I was reminded of an LSD study done on alcoholics in Southern California.  They rounded up alcoholics who lived on the street, skid row bums as they used to be called, and signed them up for the study, as if these poor lost souls who would have sold their mothers for a dry place to sleep and a bottle of cheap wine had the capacity to sign an informed consent – if there even was ‘informed consent’ in those days.  They used LSD on these men and women who proceeded to go mad, use hard drugs, and commit suicide in large numbers. 

I listened to Dr. Gupta’s report with skepticism, wondering if Ecstasy would cure the 80-year-old woman who is still haunted by the searing memories of her grandfather ejaculating between her legs when she was five years old. Would it help the child who watched her father beat her pregnant mother until she miscarried? Would it help the soldier on the aircraft carrier, who watched the man in front of him chopped into pieces by a propeller that spattered brains and bone and blood all over him?

If Ecstasy could cure these horrifying memories in my patients, would it also spare the rest of us from having to hear their soul-killing stories? Or would we just numb-out to tragedy and cruelty?

A homeless man comes to his session in spite of the rain and the cold.  I congratulate him on showing up, and he reminds me that the shelter sends them out the door at 7AM and doesn’t let them return until 4 or 5PM. Coming to therapy is a haven from the elements.  

His long red face looks hopeless, and he doesn’t have much to say, but he describes his hopes of getting a place, and persuading his youngest son to live with him, and maybe starting a business selling used furniture out of a rented garage.  

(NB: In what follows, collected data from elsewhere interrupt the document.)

lemma projective: "projective Sig ar G"
  unfolding projective_def by (simp add: prob_n_eq_measure_agree_event)

lemma struct_of_in_Omega_inf: "struct_of x \<in> Omega_inf Sig ar"
  unfolding Omega_inf_def by (auto simp: struct_of_unfold[of x])

lemma struct_of_preimage_gen_set:
  "struct_of -` gen_set Sig ar A Y = agree_event (atoms_over A) Y"
  using struct_of_in_Omega_inf
  by (auto simp: gen_set_def agree_event_def agrees_on_def atoms_over_def)

lemma gen_sets_subset_Pow: "gen_sets Sig ar \<subseteq> Pow (Omega_inf Sig ar)"
  unfolding gen_sets_def gen_set_def by blast

lemma measurable_struct_of:
  "struct_of \<in> coins coin \<rightarrow>\<^sub>M sigma (Omega_inf Sig ar) (gen_sets Sig ar)"
proof (rule measurable_measure_of[OF gen_sets_subset_Pow])
  show "struct_of \<in> space (coins coin) \<rightarrow> Omega_inf Sig ar"
    using struct_of_in_Omega_inf by blast
next
  fix E assume "E \<in> gen_sets Sig ar"
  then obtain A Y where "E = gen_set Sig ar A Y" "finite A"
    by (auto simp: gen_sets_def)
  moreover have "finite {a. (s, a) \<in> A}" if "finite A" for s
    using finite_imageI[OF that, of snd] by (rule rev_finite_subset) force
  ultimately show "struct_of -` E \<inter> space (coins coin) \<in> sets (coins coin)"
    by (simp add: struct_of_preimage_gen_set agree_event_in_sets finite_atoms_over ancestral_atoms_over)
qed

lemma asymptotic_limit:
  "is_asymptotic_limit Sig ar G (distr (coins coin) (sigma (Omega_inf Sig ar) (gen_sets Sig ar)) struct_of)"
  (is "is_asymptotic_limit _ _ _ ?M")
proof -
  interpret prob_space "coins coin" by (rule prob_space_coins)
  have "(\<lambda>k. prob_n Sig ar G (seq k) A Y) \<longlonglongrightarrow> measure ?M (gen_set Sig ar A Y)"
    if "\<forall>s. incseq (\<lambda>k. seq k s)" "\<forall>s. \<forall>B. \<exists>k. B \<le> seq k s" "finite A"
    for seq :: "nat \<Rightarrow> 's \<Rightarrow> nat" and A Y
  proof -
    have "gen_set Sig ar A Y \<in> sets ?M"
      using that(3) gen_sets_subset_Pow by (auto simp: gen_sets_def)
    then have limit: "measure ?M (gen_set Sig ar A Y) = measure (coins coin) (agree_event (atoms_over A) Y)"
      using measurable_struct_of by (simp add: measure_distr struct_of_preimage_gen_set)
    have "eventually (\<lambda>k. prob_n Sig ar G (seq k) A Y = measure ?M (gen_set Sig ar A Y)) sequentially"
      using eventually_in_domain[OF that] by eventually_elim (simp add: limit prob_n_eq_measure_agree_event)
    then show ?thesis
      by (rule tendsto_eventually)
  qed
  then show ?thesis
    unfolding is_asymptotic_limit_def
    using prob_space_distr[OF measurable_struct_of] gen_sets_subset_Pow
    by (simp add: space_measure_of_conv)
qed
(* Let $d_1,d_2,b_1,b_2$ be integers with $2\leq b_i\leq d_i/2$ for $i=1,2$. For $i=1,2$ let $T_i\in S^{d_i}\mathbb{C}^2$ be a binary form with cactus rank $c_{d_i}(T_i)=b_i$ and $[T_i]\in\langle\nu_{d_i}(Z[b_i])\rangle$, and let $T=T_1\otimes T_2$. Then $R_{d_1,d_2}(T)\leq d_1b_2+d_2b_1+b_1b_2-1$.
   Context: Identify $S^d\mathbb{C}^2$ with binary forms of degree $d$ in a basis $\{x,y\}$, with dual coordinates $\partial_x,\partial_y$. For $b\geq1$, $Z[b]\subseteq\mathbb{P}^1$ is the zero-dimensional scheme of degree $b$ supported at $[x]$, with ideal $(\partial_y^b)$. $\nu_d:\mathbb{P}^1\to\mathbb{P}(S^d\mathbb{C}^2)$, $[v]\mapsto[v^d]$, is the Veronese embedding; $\langle Y\rangle$ denotes linear span of a subscheme. The cactus rank $c_d(f)$ is the minimal degree of a zero-dimensional scheme $A\subseteq\mathbb{P}^1$ with $[f]\in\langle\nu_d(A)\rangle$. The partially symmetric rank $R_{d_1,d_2}(T)$ is the minimal $r$ with $T=\sum_{i=1}^r v_{i,1}^{\otimes d_1}\otimes v_{i,2}^{\otimes d_2}$, $v_{i,j}\in\mathbb{C}^2$. *)

theory Defs
  imports Complex_Main
begin

text \<open>A binary form f of degree d in S^d C^2 is represented by its coefficient function
f :: nat => complex, where f i is the coefficient of x^(d-i) y^i (only i <= d matters).
A form g of degree b in the dual variables is represented likewise: g k is the
coefficient of dx^(b-k) dy^k.  A zero-dimensional subscheme A of P^1 of degree b
is Proj of C[dx,dy]/(g) for a nonzero dual form g of degree b (determined up to scalar);
its homogeneous ideal is (g).\<close>

definition form_nonzero :: "nat \<Rightarrow> (nat \<Rightarrow> complex) \<Rightarrow> bool" where
  "form_nonzero b g \<longleftrightarrow> (\<exists>k\<le>b. g k \<noteq> 0)"

definition dual_mult :: "nat \<Rightarrow> (nat \<Rightarrow> complex) \<Rightarrow> nat \<Rightarrow> (nat \<Rightarrow> complex) \<Rightarrow> nat \<Rightarrow> complex" where
  "dual_mult b g e h k = (\<Sum>j\<in>{j. j \<le> b \<and> j \<le> k \<and> k - j \<le> e}. g j * h (k - j))"

text \<open>Apolarity pairing of a dual form u of degree d with a form f of degree d:
dx^(d-k) dy^k applied to x^(d-i) y^i equals (d-k)! k! if i = k and 0 otherwise.\<close>
definition apolar_pair :: "nat \<Rightarrow> (nat \<Rightarrow> complex) \<Rightarrow> (nat \<Rightarrow> complex) \<Rightarrow> complex" where
  "apolar_pair d u f = (\<Sum>k\<le>d. u k * f k * of_nat (fact (d - k) * fact k))"

text \<open>[f] lies in the linear span of nu_d(A), where A is the scheme with ideal (g), g of
degree b: the linear forms on S^d vanishing on nu_d(A) are exactly I(A)_d = g * (dual forms
of degree d - b), and the span is their common zero locus.\<close>
definition in_span_scheme :: "nat \<Rightarrow> nat \<Rightarrow> (nat \<Rightarrow> complex) \<Rightarrow> (nat \<Rightarrow> complex) \<Rightarrow> bool" where
  "in_span_scheme d b g f \<longleftrightarrow>
     (b \<le> d \<longrightarrow> (\<forall>h. apolar_pair d (dual_mult b g (d - b) h) f = 0))"

definition Zgen :: "nat \<Rightarrow> nat \<Rightarrow> complex" where
  "Zgen b k = (if k = b then 1 else 0)"

definition cactus_rank :: "nat \<Rightarrow> (nat \<Rightarrow> complex) \<Rightarrow> nat" where
  "cactus_rank d f = (LEAST b. \<exists>g. form_nonzero b g \<and> in_span_scheme d b g f)"

text \<open>A partially symmetric tensor in S^d1 C^2 (x) S^d2 C^2 as a bihomogeneous form:
T i j is the coefficient of x1^(d1-i) y1^i x2^(d2-j) y2^j.  The tensor
v1^(x)d1 (x) v2^(x)d2 with v = (p,q) corresponds to (p x1 + q y1)^d1 (p' x2 + q' y2)^d2.\<close>
definition pow_coeff :: "nat \<Rightarrow> complex \<times> complex \<Rightarrow> nat \<Rightarrow> complex" where
  "pow_coeff d v i = of_nat (d choose i) * fst v ^ (d - i) * snd v ^ i"
theorem lemma2p6:
  fixes e :: "'a::alternative_ring" and D :: "'a \<Rightarrow> 'a"
  assumes idem: "nontrivial_idempotent e"
    and cond_i: "\<And>a11 a22. a11 \<in> peirce e 1 1 \<Longrightarrow> a22 \<in> peirce e 2 2 \<Longrightarrow>
          (\<forall>x \<in> peirce e 1 2. lie (a11 + a22) x = 0) \<Longrightarrow> a11 + a22 \<in> center"
    and cond_ii: "\<And>a11 a22. a11 \<in> peirce e 1 1 \<Longrightarrow> a22 \<in> peirce e 2 2 \<Longrightarrow>
          (\<forall>x \<in> peirce e 2 1. lie (a11 + a22) x = 0) \<Longrightarrow> a11 + a22 \<in> center"
    and D: "mult_lie_type_derivation D"
    and a: "a11 \<in> peirce e 1 1" and b: "b12 \<in> peirce e 1 2"
    and c: "c21 \<in> peirce e 2 1" and d: "d22 \<in> peirce e 2 2"
  shows "\<exists>z \<in> center. D (a11 + b12 + c21 + d22) = D a11 + D b12 + D c21 + D d22 + z"
proof -
  \<comment> \<open>only e * e = e is used\<close>
  obtain n where "n \<ge> 2" "mult_lie_n_derivation n D"
    using D by (auto simp: mult_lie_type_derivation_def)
  moreover have "e * e = e"
    using idem by (simp add: nontrivial_idempotent_def)
  ultimately interpret lie_derivation_peirce e D n
    using cond_i cond_ii by unfold_locales
  show ?thesis
    by (rule additive_modulo_center[OF a b c d])
qed

end
lemma isomorphism_state_summand_proportional:
  fixes KA :: "'a::euclidean_space set" and KB :: "'b::euclidean_space set"
  assumes A: "abstract_state_space KA uA" and irr: "irreducible_cone KA"
    and B: "abstract_state_space KB uB" and iso: "isomorphism_state KA uA KB uB \<omega>"
    and pos1: "max_tensor_positive KA KB \<omega>1" and pos2: "max_tensor_positive KA KB \<omega>2"
    and sum: "\<forall>a b. \<omega> a b = \<omega>1 a b + \<omega>2 a b"
  shows "\<exists>t\<ge>0. \<forall>a b. \<omega>1 a b = t * \<omega> a b"
proof -
  define \<phi> where "\<phi> = omega_hat \<omega>"
  have cpgA: "closed_pointed_generating_cone KA" and uA: "uA \<in> interior (dual_cone KA)"
    using A by (auto simp: abstract_state_space_def)
  have KB: "closed KB" "convex_cone KB"
    using B closed_pointed_generating_cone_imp_convex_cone
    by (auto simp: abstract_state_space_def closed_pointed_generating_cone_def)
  have lin: "linear \<phi>" and bij: "bij \<phi>" and order_iso: "\<And>a. \<phi> a \<in> KB \<longleftrightarrow> a \<in> dual_cone KA"
    and bil: "bilinear \<omega>"
    using iso by (auto simp: isomorphism_state_def max_tensor_state_def max_tensor_positive_def \<phi>_def)
  have bil1: "bilinear \<omega>1"
    using pos1 by (simp add: max_tensor_positive_def)
  have \<phi>_split: "\<phi> a = omega_hat \<omega>1 a + omega_hat \<omega>2 a" for a
  proof -
    have "\<omega> = (\<lambda>a b. \<omega>1 a b + \<omega>2 a b)"
      using sum by (simp add: fun_eq_iff)
    then show ?thesis
      by (simp add: \<phi>_def omega_hat_add)
  qed
  obtain \<psi> where lin_\<psi>: "linear \<psi>" and "\<psi> \<circ> \<phi> = id"
    using linear_injective_left_inverse[OF lin bij_is_inj[OF bij]] by blast
  then have \<phi>_\<psi>: "\<phi> (\<psi> y) = y" for y
    using bij by (metis bij_inv_eq_iff comp_apply id_apply)
  define S where "S = \<psi> \<circ> omega_hat \<omega>1"
  have \<phi>_S: "\<phi> (S a) = omega_hat \<omega>1 a" for a
    by (simp add: S_def \<phi>_\<psi>)
  have linS: "linear S"
    unfolding S_def using linear_compose[OF linear_omega_hat[OF bil1] lin_\<psi>] .
  have "S c \<in> dual_cone KA" "c - S c \<in> dual_cone KA" if "c \<in> dual_cone KA" for c
  proof -
    have "\<phi> (c - S c) = omega_hat \<omega>2 c"
      by (simp add: linear_diff[OF lin] \<phi>_S \<phi>_split[of c])
    then show "S c \<in> dual_cone KA" "c - S c \<in> dual_cone KA"
      using omega_hat_mem_cone[OF KB pos1 that] omega_hat_mem_cone[OF KB pos2 that]
      by (simp_all add: order_iso[symmetric] \<phi>_S)
  qed
  then obtain t where t: "t \<ge> 0" "\<And>c. S c = t *\<^sub>R c"
    using irreducible_dual_order_interval_scalar[OF cpgA uA irr linS] by metis
  have "\<omega>1 a b = t * \<omega> a b" for a b
  proof -
    have "\<omega>1 a b = \<phi> (S a) \<bullet> b"
      by (simp add: \<phi>_S omega_hat_inner[OF bil1])
    also have "\<dots> = t * \<omega> a b"
      by (simp add: t(2) \<phi>_def omega_hat_inner[OF bil] bilinear_lmul[OF bil])
    finally show ?thesis .
  qed
  then show ?thesis
    using t(1) by blast
qed

theorem corollary3p5:
  fixes KA :: "'a::euclidean_space set" and uA :: 'a
    and KB :: "'b::euclidean_space set" and uB :: 'b
    and \<omega> :: "'a \<Rightarrow> 'b \<Rightarrow> real"
  assumes "abstract_state_space KA uA"
    and "irreducible_cone KA"
    and "abstract_state_space KB uB"
    and "isomorphism_state KA uA KB uB \<omega>"
  shows "pure_max_tensor KA KB \<omega>"
proof -
  have "max_tensor_positive KA KB \<omega>" "\<omega> uA uB \<noteq> 0"
    using assms(4) by (auto simp: isomorphism_state_def max_tensor_state_def)
  then show ?thesis
    using isomorphism_state_summand_proportional[OF assms] unfolding pure_max_tensor_def
    by blast
qed

end
(* Let $\epsilon>0$ be a constant and let $\alpha\in(1/2,1)$ be a constant. Let $\mathbf C,\mathbf B$ be independent, uniformly random $m\times n$ matrices over $\mathbb{Z}_2$ with $\alpha n\le m\le n$. Then for sufficiently large $n$ there exists a constant $\delta>0$ such that $\Pr[\operatorname{rank}(\mathbf C^\intercal\mathbf B+\mathbf B^\intercal\mathbf C)\le(1-\epsilon)n]\le2^{-\delta n^2}$. *)

theory Defs
  imports "HOL-Library.Z2" "Jordan_Normal_Form.DL_Rank"
begin

text \<open>Rank of a matrix over GF(2) (type bit), as column rank in the Jordan_Normal_Form library.
  The argument r is the number of rows.\<close>
definition rank2 :: "nat \<Rightarrow> bit mat \<Rightarrow> nat" where
  "rank2 r A = vec_space.rank r (A :: bit mat)"

definition prob_low_rank :: "nat \<Rightarrow> nat \<Rightarrow> real \<Rightarrow> real" where
  "prob_low_rank m n t =
     real (card {(C, B). C \<in> carrier_mat m n \<and> B \<in> carrier_mat m n \<and>
                 real (rank2 n (transpose_mat C * B + transpose_mat B * C)) \<le> t})
     / real (card (carrier_mat m n :: bit mat set)) ^ 2"

end

theory Submission
  imports Defs "HOL-Library.Function_Algebras"
begin

text \<open>Stack each column of \<open>C\<close> on top of the same column of \<open>B\<close>. This gives vectors
  \<open>c\<^sub>1, \<dots>, c\<^sub>n\<close> in \<open>\<bbbF>\<^sub>2\<^sup>2\<^sup>m\<close>, and the \<open>(k, j)\<close> entry of \<open>C\<^sup>TB + B\<^sup>TC\<close> is \<open>\<omega>(c\<^sub>k, c\<^sub>j)\<close> for the
  standard symplectic form \<open>\<omega>\<close>. If the rank is at most \<open>n - d\<close>, an involutive column operation
  \<open>P\<close>, chosen among at most \<open>4^n 2^((n-d)d)\<close> candidates, turns \<open>(C, B)\<close> into a pair whose
  stacked columns indexed by some \<open>d\<close>-set \<open>T\<close> are isotropic and orthogonal to all columns.
  For a tuple \<open>u\<close> the complement \<open>u\<^sup>\<perp>\<close> has at most \<open>2^(2m) |ker u| / 2^d\<close> elements, and adding
  isotropic vectors one at a time bounds \<open>\<Sum>\<^sub>u |ker u|^(n-d)\<close> by \<open>2^((2m+1)d - d(d-1)/2)\<close>
  as long as \<open>n + d \<le> 2m\<close>. Hence at most \<open>2^(2mn + 2n + 3d/2 - d\<^sup>2/2)\<close> of the \<open>2^(2mn)\<close>
  pairs have rank at most \<open>n - d\<close>, and \<open>d \<approx> \<epsilon>n\<close> gives the bound \<open>2^(-\<delta>n\<^sup>2)\<close>.\<close>

(* Z2 rewrites + and * on bit to xor and and by default, which defeats ring normalisation. *)
declare add_bit_eq_xor [simp del] mult_bit_eq_and [simp del]

lemma bit_add_self [simp]: "(x::bit) + x = 0"
  by (cases x) simp_all

lemma bit_add_eq_0_iff: "(a::bit) + b = 0 \<longleftrightarrow> a = b"
  by (cases a; cases b) simp_all

lemma UNIV_bit: "(UNIV :: bit set) = {0, 1}"
  by (auto intro: bit.exhaust)

lemma finite_UNIV_bit [simp]: "finite (UNIV :: bit set)"
  unfolding UNIV_bit by simp

lemma card_UNIV_bit: "card (UNIV :: bit set) = 2"
  unfolding UNIV_bit by simp

lemma bit_vector_add_cancel [simp]: "(v::'i \<Rightarrow> bit) + (v + w) = w"
  by (simp add: fun_eq_iff add.assoc[symmetric])

definition supported_on :: "'i set \<Rightarrow> ('i \<Rightarrow> bit) set" where
  "supported_on T = {x. \<forall>i. i \<notin> T \<longrightarrow> x i = 0}"

definition bit_subspace :: "('i \<Rightarrow> bit) set \<Rightarrow> bool" where
  "bit_subspace U \<longleftrightarrow> 0 \<in> U \<and> (\<forall>u\<in>U. \<forall>v\<in>U. u + v \<in> U)"

lemma bit_subspace_supported_on: "bit_subspace (supported_on T)"
  unfolding bit_subspace_def supported_on_def by simp

lemma bij_betw_restrict_supported_on:
  "bij_betw (\<lambda>x. restrict x T) (supported_on T) (T \<rightarrow>\<^sub>E (UNIV :: bit set))"
proof (rule bij_betw_byWitness[where f' = "\<lambda>f i. if i \<in> T then f i else 0"])
  show "\<forall>x\<in>supported_on T. (\<lambda>i. if i \<in> T then restrict x T i else 0) = x"
    unfolding supported_on_def by (auto simp: fun_eq_iff)
qed (auto simp: supported_on_def PiE_def extensional_def fun_eq_iff)

lemma finite_supported_on [simp]: "finite T \<Longrightarrow> finite (supported_on T)"
  using bij_betw_finite[OF bij_betw_restrict_supported_on[of T]] by (simp add: finite_PiE)

lemma card_supported_on: "finite T \<Longrightarrow> card (supported_on T) = 2 ^ card T"
  using bij_betw_same_card[OF bij_betw_restrict_supported_on[of T]] by (simp add: card_PiE card_UNIV_bit)

lemma bij_betw_add_bit_subspace:
  assumes "bit_subspace U" and "a \<in> U"
  shows "bij_betw ((+) a) U U"
  by (rule bij_betw_byWitness[where f' = "(+) a"]) (use assms in \<open>auto simp: bit_subspace_def\<close>)

section \<open>The symplectic form on \<open>\<bbbF>\<^sub>2\<^sup>2\<^sup>m\<close>\<close>

definition symp_form :: "nat \<Rightarrow> (nat \<Rightarrow> bit) \<Rightarrow> (nat \<Rightarrow> bit) \<Rightarrow> bit" where
  "symp_form m v w = (\<Sum>l<m. v l * w (m + l) + v (m + l) * w l)"

abbreviation symp_space :: "nat \<Rightarrow> (nat \<Rightarrow> bit) set" where
  "symp_space m \<equiv> supported_on {..<2 * m}"

lemma symp_form_commute: "symp_form m v w = symp_form m w v"
  unfolding symp_form_def by (intro sum.cong refl) (simp add: mult.commute add.commute)

lemma symp_form_self [simp]: "symp_form m v v = 0"
  unfolding symp_form_def by (simp add: mult.commute)

lemma symp_form_zero_left [simp]: "symp_form m 0 w = 0"
  by (simp add: symp_form_def)

lemma symp_form_add_left: "symp_form m (v + v') w = symp_form m v w + symp_form m v' w"
  unfolding symp_form_def by (simp add: algebra_simps sum.distrib)

lemma symp_form_add_right: "symp_form m w (v + v') = symp_form m w v + symp_form m w v'"
  using symp_form_add_left[of m v v' w] by (simp only: symp_form_commute)

lemma symp_form_sum_left:
  "symp_form m (\<lambda>l. \<Sum>i\<in>T. x i * u i l) w = (\<Sum>i\<in>T. x i * symp_form m (u i) w)"
proof -
  have "symp_form m (\<lambda>l. \<Sum>i\<in>T. x i * u i l) w =
      (\<Sum>l<m. \<Sum>i\<in>T. x i * (u i l * w (m + l) + u i (m + l) * w l))"
    unfolding symp_form_def
    by (intro sum.cong refl) (simp only: sum_distrib_right distrib_left sum.distrib mult.assoc)
  also have "\<dots> = (\<Sum>i\<in>T. x i * symp_form m (u i) w)"
    unfolding symp_form_def by (subst sum.swap) (simp only: sum_distrib_left)
  finally show ?thesis .
qed

lemma symp_form_nondegenerate:
  assumes "v \<in> symp_space m" and "v \<noteq> 0"
  shows "\<exists>w\<in>symp_space m. symp_form m v w = 1"
proof -
  obtain i where i: "v i = 1"
    using assms(2) by (auto simp: fun_eq_iff)
  then have "i < 2 * m"
    using assms(1) by (auto simp: supported_on_def not_less[symmetric])
  show ?thesis
  proof (cases "i < m")
    case True
    define w where "w = (\<lambda>k. if k = m + i then 1 else (0::bit))"
    have "symp_form m v w = v i"
      unfolding symp_form_def w_def using True
      by (simp add: if_distrib[of "\<lambda>y. v _ * y"] sum.delta cong: if_cong)
    moreover have "w \<in> symp_space m"
      unfolding supported_on_def w_def using True by auto
    ultimately show ?thesis
      using i by auto
  next
    case False
    define w where "w = (\<lambda>k. if k = i - m then 1 else (0::bit))"
    have "symp_form m v w = (\<Sum>l<m. if l = i - m then v (m + l) else 0)"
      unfolding symp_form_def w_def using False \<open>i < 2 * m\<close> by (intro sum.cong) auto
    also have "\<dots> = v i"
      using False \<open>i < 2 * m\<close> by (simp add: sum.delta)
    finally have "symp_form m v w = v i" .
    moreover have "w \<in> symp_space m"
      unfolding supported_on_def w_def using False \<open>i < 2 * m\<close> by auto
    ultimately show ?thesis
      using i by auto
  qed
qed

definition bit_sign :: "bit \<Rightarrow> int" where
  "bit_sign b = (if b = 0 then 1 else -1)"

lemma bit_sign_add_one [simp]: "bit_sign (b + 1) = - bit_sign b"
  by (cases b) (simp_all add: bit_sign_def)

lemma sum_bit_sign_eq_0:
  assumes "finite A" and "bij_betw g A A" and "\<And>x. x \<in> A \<Longrightarrow> f (g x) = f x + 1"
  shows "(\<Sum>x\<in>A. bit_sign (f x)) = 0"
proof -
  have "(\<Sum>x\<in>A. bit_sign (f x)) = (\<Sum>x\<in>A. bit_sign (f (g x)))"
    using sum.reindex_bij_betw[OF assms(2), of "\<lambda>x. bit_sign (f x)"] by simp
  also have "\<dots> = - (\<Sum>x\<in>A. bit_sign (f x))"
    using assms(3) by (simp add: sum_negf)
  finally show ?thesis
    by simp
qed

definition symp_orth :: "nat \<Rightarrow> (nat \<Rightarrow> bit) set \<Rightarrow> (nat \<Rightarrow> bit) set" where
  "symp_orth m U = {w \<in> symp_space m. \<forall>u\<in>U. symp_form m u w = 0}"

lemma finite_symp_orth [simp]: "finite (symp_orth m U)"
  by (simp add: symp_orth_def)

lemma sum_bit_sign_symp_form_subspace:
  assumes "bit_subspace U" and "finite U" and "w \<in> symp_space m"
  shows "(\<Sum>u\<in>U. bit_sign (symp_form m u w)) = (if w \<in> symp_orth m U then int (card U) else 0)"
proof (cases "w \<in> symp_orth m U")
  case True
  then show ?thesis
    by (simp add: symp_orth_def bit_sign_def)
next
  case False
  then obtain a where "a \<in> U" and "symp_form m a w = 1"
    using assms(3) unfolding symp_orth_def by auto
  then have "(\<Sum>u\<in>U. bit_sign (symp_form m u w)) = 0"
    by (intro sum_bit_sign_eq_0[OF assms(2) bij_betw_add_bit_subspace[OF assms(1)]])
       (simp_all add: symp_form_add_left add.commute)
  then show ?thesis
    using False by simp
qed

lemma sum_bit_sign_symp_form_space:
  assumes "u \<in> symp_space m"
  shows "(\<Sum>w\<in>symp_space m. bit_sign (symp_form m u w)) = (if u = 0 then 2 ^ (2 * m) else 0)"
proof (cases "u = 0")
  case True
  then show ?thesis
    by (simp add: bit_sign_def card_supported_on)
next
  case False
  then obtain a where "a \<in> symp_space m" and "symp_form m u a = 1"
    using symp_form_nondegenerate assms by blast
  then have "(\<Sum>w\<in>symp_space m. bit_sign (symp_form m u w)) = 0"
    by (intro sum_bit_sign_eq_0[OF _ bij_betw_add_bit_subspace[OF bit_subspace_supported_on]])
       (simp_all add: symp_form_add_right add.commute)
  then show ?thesis
    using False by simp
qed

text \<open>Double counting of the character sum
  \<open>\<Sum>u\<in>U. \<Sum>w\<in>V. (-1)^\<omega>(u,w)\<close>, summing first over \<open>U\<close> or first over \<open>V\<close>.\<close>
lemma card_mult_card_symp_orth:
  assumes "bit_subspace U" and "U \<subseteq> symp_space m"
  shows "card U * card (symp_orth m U) = 2 ^ (2 * m)"
proof -
  let ?V = "symp_space m"
  have fin: "finite U"
    using assms(2) by (rule finite_subset) simp
  have "{w \<in> ?V. w \<in> symp_orth m U} = symp_orth m U"
    unfolding symp_orth_def by blast
  then have "int (card U * card (symp_orth m U)) =
      (\<Sum>w\<in>?V. if w \<in> symp_orth m U then int (card U) else 0)"
    by (simp add: sum.inter_filter[symmetric])
  also have "\<dots> = (\<Sum>w\<in>?V. \<Sum>u\<in>U. bit_sign (symp_form m u w))"
    using sum_bit_sign_symp_form_subspace[OF assms(1) fin] by simp
  also have "\<dots> = (\<Sum>u\<in>U. \<Sum>w\<in>?V. bit_sign (symp_form m u w))"
    by (rule sum.swap)
  also have "\<dots> = (\<Sum>u\<in>U. if u = 0 then 2 ^ (2 * m) else 0)"
    using assms(2) sum_bit_sign_symp_form_space by (intro sum.cong refl) blast
  also have "\<dots> = 2 ^ (2 * m)"
    using assms(1) fin by (simp add: sum.delta bit_subspace_def)
  finally have "int (card U * card (symp_orth m U)) = int (2 ^ (2 * m))"
    by simp
  then show ?thesis
    by (simp only: of_nat_eq_iff)
qed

He tells me of the young boy addicted to heroin who steals to feed his habit, needing five bags just to get up in the morning, hoping to find a dollar here or there so he won’t feel sick from withdrawal, no family to take care of him.  

He tells me of the children who go to school from the shelter, of the thugs who come in and steal anything they can to sell on the street, of the people who have been kicked out of the shelter because their time is up, sleeping in alleys in the city with just a blanket or a piece of cardboard to cover them.  He looks more and more haunted as the session wears on, and I feel his hopelessness.

Is it possible that all of these ills could be cured by Ecstasy? If so, why don’t we all give up trying to make the world a better place and go score some? 

Just a little Ecstasy, please, sir, and I'll be fine.

Sandra Jacob is a writer and licensed clinical social worker who has been treating traumatized people for twenty years. She practices in Hartford, Connecticut.